Today, we find that the literature describes many types of analysis (such as systems task analysis, knowledge task analysis, environmental analysis, cause analysis, extant data analysis) and many approaches to needs assessment (for example, Altschuld & Witkin, 2000; Rossett, 2009; Swanson, 2007; Van Tiem, Moseley, & Dessinger, 2004). While it is beyond the scope of this chapter and the patience of most of our readers to cover all the approaches to needs assessment, the next section describes four commonly used approaches.

FOUR APPROACHES TO ORGANIZATIONAL NEEDS ASSESSMENT

This section describes the following approaches to organizational needs assessment:

1 Knowledge and skills assessment

2 Job and task analysis

3 Competency assessment

4 Strategic needs assessment

Examples of when to use each approach and the phases and steps required for each type of needs assessment are described in the following sections. Note that these approaches can be used separately or in combination. Figure 6.1 shows the time and labor required for the each of four approaches that are described in this chapter.

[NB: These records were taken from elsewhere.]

lemma rins_rewrites:
  "\<forall>c\<in>set T. c \<in> columns n \<Longrightarrow> sorted (map hd T) \<Longrightarrow> a \<in> {1..n}
   \<Longrightarrow> col_rewrites n (map to_nat T @ [to_nat [a]]) (map to_nat (rins T a))"
proof (induction T)
  case Nil then show ?case by simp
next
  case (Cons c T)
  show ?case
  proof (cases "a < hd c")
    case True
    have "col_rewrites n (map to_nat (c # T) @ [to_nat [a]])
        (to_nat (a # hd (c # T)) # map to_nat (tl (c # T)))"
      by (rule col_bump_rewrites) (use Cons.prems True in auto)
    then show ?thesis using True by simp
  next
    case False
    have "col_rewrites n (map to_nat T @ [to_nat [a]]) (map to_nat (rins T a))"
      using Cons by simp
    from rtranclp_rstep_append[OF this, of "[to_nat c]" "[]"] show ?thesis using False by simp
  qed
qed

lemma hext_letter_col: "hext letter_col u = map (\<lambda>a. to_nat [a]) u"
  by (induction u) (auto simp: hext_def letter_col_def)

lemma letters_rewrite_Rl: "set u \<subseteq> {1..n} \<Longrightarrow> col_rewrites n (hext letter_col u) (map to_nat (Rl u))"
proof (induction u rule: rev_induct)
  case Nil then show ?case by (simp add: Rl_def hext_def)
next
  case (snoc a u)
  have "col_rewrites n (hext letter_col u @ [to_nat [a]]) (map to_nat (Rl u) @ [to_nat [a]])"
    using rtranclp_rstep_concat[OF snoc.IH] snoc.prems by simp
  moreover have "col_rewrites n (map to_nat (Rl u) @ [to_nat [a]]) (map to_nat (rins (Rl u) a))"
    by (rule rins_rewrites) (use Rl_columns[of u n] snoc.prems sorted_Rl in auto)
  ultimately show ?case by (simp add: hext_letter_col Rl_append)
qed

lemma irreducible_sorted:
  "set x \<subseteq> col_gens n \<Longrightarrow> \<forall>y. \<not> rstep (col_rules n) x y \<Longrightarrow> sorted (map (\<lambda>b. hd (col_of b)) x)"
proof (induction x)
  case Nil then show ?case by simp
next
  case (Cons a x)
  have "\<not> rstep (col_rules n) x y" for y
    using rstep_append[of "col_rules n" x y "[a]" "[]"] Cons.prems(2) by auto
  then have sx: "sorted (map (\<lambda>b. hd (col_of b)) x)" using Cons.IH Cons.prems(1) by simp
  show ?case
  proof (cases x)
    case Nil then show ?thesis by simp
  next
    case x: (Cons b x')
    obtain c d where cd: "c \<in> columns n" "a = to_nat c" "d \<in> columns n" "b = to_nat d"
      using Cons.prems(1) x by (auto simp: col_gens_def)
    have "\<not> hd d < hd c"
    proof
      assume "hd d < hd c"
      then have "rstep (col_rules n) ([] @ map to_nat [c, d] @ x') ([] @ map to_nat (col_rhs c d) @ x')"
        by (intro rstep_append rstep_col_rule cd)
      then show False using Cons.prems(2) x cd by simp
    qed
    then show ?thesis using sx x cd by (simp add: not_less, meson order.trans)
  qed
qed

lemma col_nf_irreducible:
  assumes gens: "set x \<subseteq> col_gens n" and irr: "\<forall>y. \<not> rstep (col_rules n) x y"
  shows "col_nf x = x"
proof -
  define T where "T = map col_of x"
  have "\<forall>c\<in>set T. c \<in> columns n" using gens unfolding T_def by (auto simp: col_gens_def)
  moreover have "sorted (map hd T)"
    using irreducible_sorted[OF gens irr] unfolding T_def by (simp add: comp_def)
  ultimately have "Rl (concat (map rev T)) = T" by (intro Rl_reading) (auto simp: columns_def)
  moreover have "hext col_word x = concat (map rev T)"
    unfolding T_def hext_def col_word_def[abs_def] by (simp add: comp_def)
  moreover have "map to_nat T = x"
    using gens unfolding T_def by (induction x) (auto simp: col_gens_def)
  ultimately show ?thesis unfolding col_nf_def by simp
qed

lemma finite_col_gens: "finite (col_gens n)"
  unfolding col_gens_def using finite_columns by simp

lemma complete_rewriting_col_rules:
  "complete_rewriting (col_rules n) (col_gens n) 2 col_weight col_nf"
proof
  show "finite (col_rules n)" by (rule finite_col_rules)
  show "finite (col_gens n)" by (rule finite_col_gens)
  show "set l \<subseteq> col_gens n \<and> set r \<subseteq> col_gens n \<and> length l \<le> 2" if "(l, r) \<in> col_rules n" for l r
    using col_rules_gens[OF that] .
  show "col_weight y < col_weight x" if "rstep (col_rules n) x y" for x y
    using col_weight_rstep[OF that] .
  show "col_nf x = col_nf y" if "rstep (col_rules n) x y" for x y
    unfolding col_nf_def using Rl_col_rstep[OF that] by simp
  show "col_nf x = x" if "set x \<subseteq> col_gens n" "\<forall>y. \<not> rstep (col_rules n) x y" for x
    using col_nf_irreducible[OF that] .
qed

lemma Rl_thue: "thue (col_rules n) u v \<Longrightarrow> Rl (hext col_word u) = Rl (hext col_word v)"
  unfolding thue_def by (induction rule: rtranclp_induct) (auto dest: Rl_col_rstep)

lemma col_word_letter_col: "hext col_word (hext letter_col w) = w"
  by (induction w) (auto simp: hext_def col_word_def letter_col_def)

lemma column_letters_rewrite: "c \<in> columns n \<Longrightarrow> col_rewrites n (hext letter_col (rev c)) [to_nat c]"
  using letters_rewrite_Rl[of "rev c" n] Rl_reading[of "[c]"] by (auto simp: columns_def)

lemma letter_col_col_word_rewrites:
  "set w \<subseteq> col_gens n \<Longrightarrow> col_rewrites n (hext letter_col (hext col_word w)) w"
proof (induction w)
  case Nil then show ?case by (simp add: hext_def)
next
  case (Cons b w)
  obtain c where c: "c \<in> columns n" "b = to_nat c" using Cons.prems by (auto simp: col_gens_def)
  have "hext letter_col (hext col_word (b # w))
      = hext letter_col (rev c) @ hext letter_col (hext col_word w)"
    using c by (simp add: hext_def col_word_def)
  then show ?case
    using rtranclp_rstep_concat[OF column_letters_rewrite[OF c(1)] Cons.IH] Cons.prems c(2) by simp
qed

Additional details on each of these approaches, along with data collection instruments and other tools, can be found in Gupta, Sleezer, and Russ-Eft (2006).

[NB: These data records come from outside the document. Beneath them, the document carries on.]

text \<open>The centre value is 0 here, so the centre's equation reads a1 * a2 * a4 = -1; the vertex 1
  of the short branch is summed innermost, where this equation determines it.\<close>

lemma sum_centre_zero:
  fixes L :: "'a::{finite,field} \<Rightarrow> int"
  defines "q \<equiv> int CARD('a)"
  shows "(\<Sum>a2\<in>UNIV. \<Sum>a3\<in>UNIV. \<Sum>a4\<in>UNIV. \<Sum>a1\<in>UNIV.
      fibre_card 0 (1 + a1 * a2 * a4) * fibre_card a1 1 * fibre_card a2 1 * fibre_card a3 (1 + a2) * L a4) =
    q * (q^2 - q + 1) * (\<Sum>a4\<in>UNIV - {0}. L a4)"
proof -
  have short_branch: "(\<Sum>a1\<in>UNIV. fibre_card 0 (1 + a1 * b) * fibre_card a1 1) = (if b = 0 then 0 else q)"
    for b :: 'a
    using sum_fibre_card_zero_affine[of b "\<lambda>a1. fibre_card a1 1"]
    by (simp add: fibre_card_one mult.commute q_def)
  have factor: "(\<Sum>a3\<in>UNIV. \<Sum>a4\<in>UNIV. fibre_card a2 1 * fibre_card a3 (1 + a2) * L a4 *
      (if a2 * a4 = 0 then 0 else q)) =
    (if a2 = 0 then 0 else q * (\<Sum>a3\<in>UNIV. fibre_card a3 (1 + a2))) * (\<Sum>a4\<in>UNIV. if a4 = 0 then 0 else L a4)"
    for a2 :: 'a
  proof (cases "a2 = 0")
    case False
    then have "(\<Sum>a3\<in>UNIV. \<Sum>a4\<in>UNIV. fibre_card a2 1 * fibre_card a3 (1 + a2) * L a4 *
        (if a2 * a4 = 0 then 0 else q)) =
      (\<Sum>a3\<in>UNIV. \<Sum>a4\<in>UNIV. q * fibre_card a3 (1 + a2) * (if a4 = 0 then 0 else L a4))"
      by (intro sum.cong refl) auto
    also have "\<dots> = q * (\<Sum>a3\<in>UNIV. fibre_card a3 (1 + a2)) * (\<Sum>a4\<in>UNIV. if a4 = 0 then 0 else L a4)"
      by (simp only: mult.assoc sum_product sum_distrib_left[of q])
    finally show ?thesis using False by simp
  qed (simp add: fibre_card_one)
  have "(\<Sum>a2\<in>UNIV. \<Sum>a3\<in>UNIV. \<Sum>a4\<in>UNIV. \<Sum>a1\<in>UNIV.
      fibre_card 0 (1 + a1 * a2 * a4) * fibre_card a1 1 * fibre_card a2 1 * fibre_card a3 (1 + a2) * L a4) =
    (\<Sum>a2\<in>UNIV. \<Sum>a3\<in>UNIV. \<Sum>a4\<in>UNIV. fibre_card a2 1 * fibre_card a3 (1 + a2) * L a4 *
      (\<Sum>a1\<in>UNIV. fibre_card 0 (1 + a1 * (a2 * a4)) * fibre_card a1 1))"
    by (simp add: sum_distrib_left mult_ac)
  also have "\<dots> = (\<Sum>a2\<in>UNIV. if a2 = (0::'a) then 0 else q * (\<Sum>a3\<in>UNIV. fibre_card a3 (1 + a2))) *
      (\<Sum>a4\<in>UNIV. if a4 = 0 then 0 else L a4)"
    using factor by (simp add: short_branch sum_distrib_right)
  also have "\<dots> = q * (\<Sum>a2\<in>UNIV - {0::'a}. \<Sum>a3\<in>UNIV. fibre_card a3 (1 + a2)) * (\<Sum>a4\<in>UNIV - {0}. L a4)"
    by (simp add: sum_UNIV_if_zero sum_distrib_left)
  finally show ?thesis
    unfolding q_def sum_nonzero_leaf .
qed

Figure 6.1 Comparison of Time and Labor Requirements for the Four Needs Assessment Approaches.

Adapted from A Practical Guide to Needs Assessment (2nd ed.) by Gupta, Sleezer, and Russ-Eft.

Knowledge and Skills Assessment

As a training manager for a manufacturing firm, you may be asked to provide an employee safety curriculum; as an HR manager for a government agency you may be considering training the agency’s employees on newly adopted policies; or as the adult educator for an international consortium, you may be considering updating the orientation program for new employees. A knowledge and skills assessment provides just the right beacon of light for systematically examining the developmental needs of a group and for determining if training is an appropriate solution. The purposes of a knowledge and skill assessment are

1 To identify the knowledge and skills that people must possess in order to perform effectively on the job and

2 To prescribe appropriate interventions that can close the knowledge and skill gaps.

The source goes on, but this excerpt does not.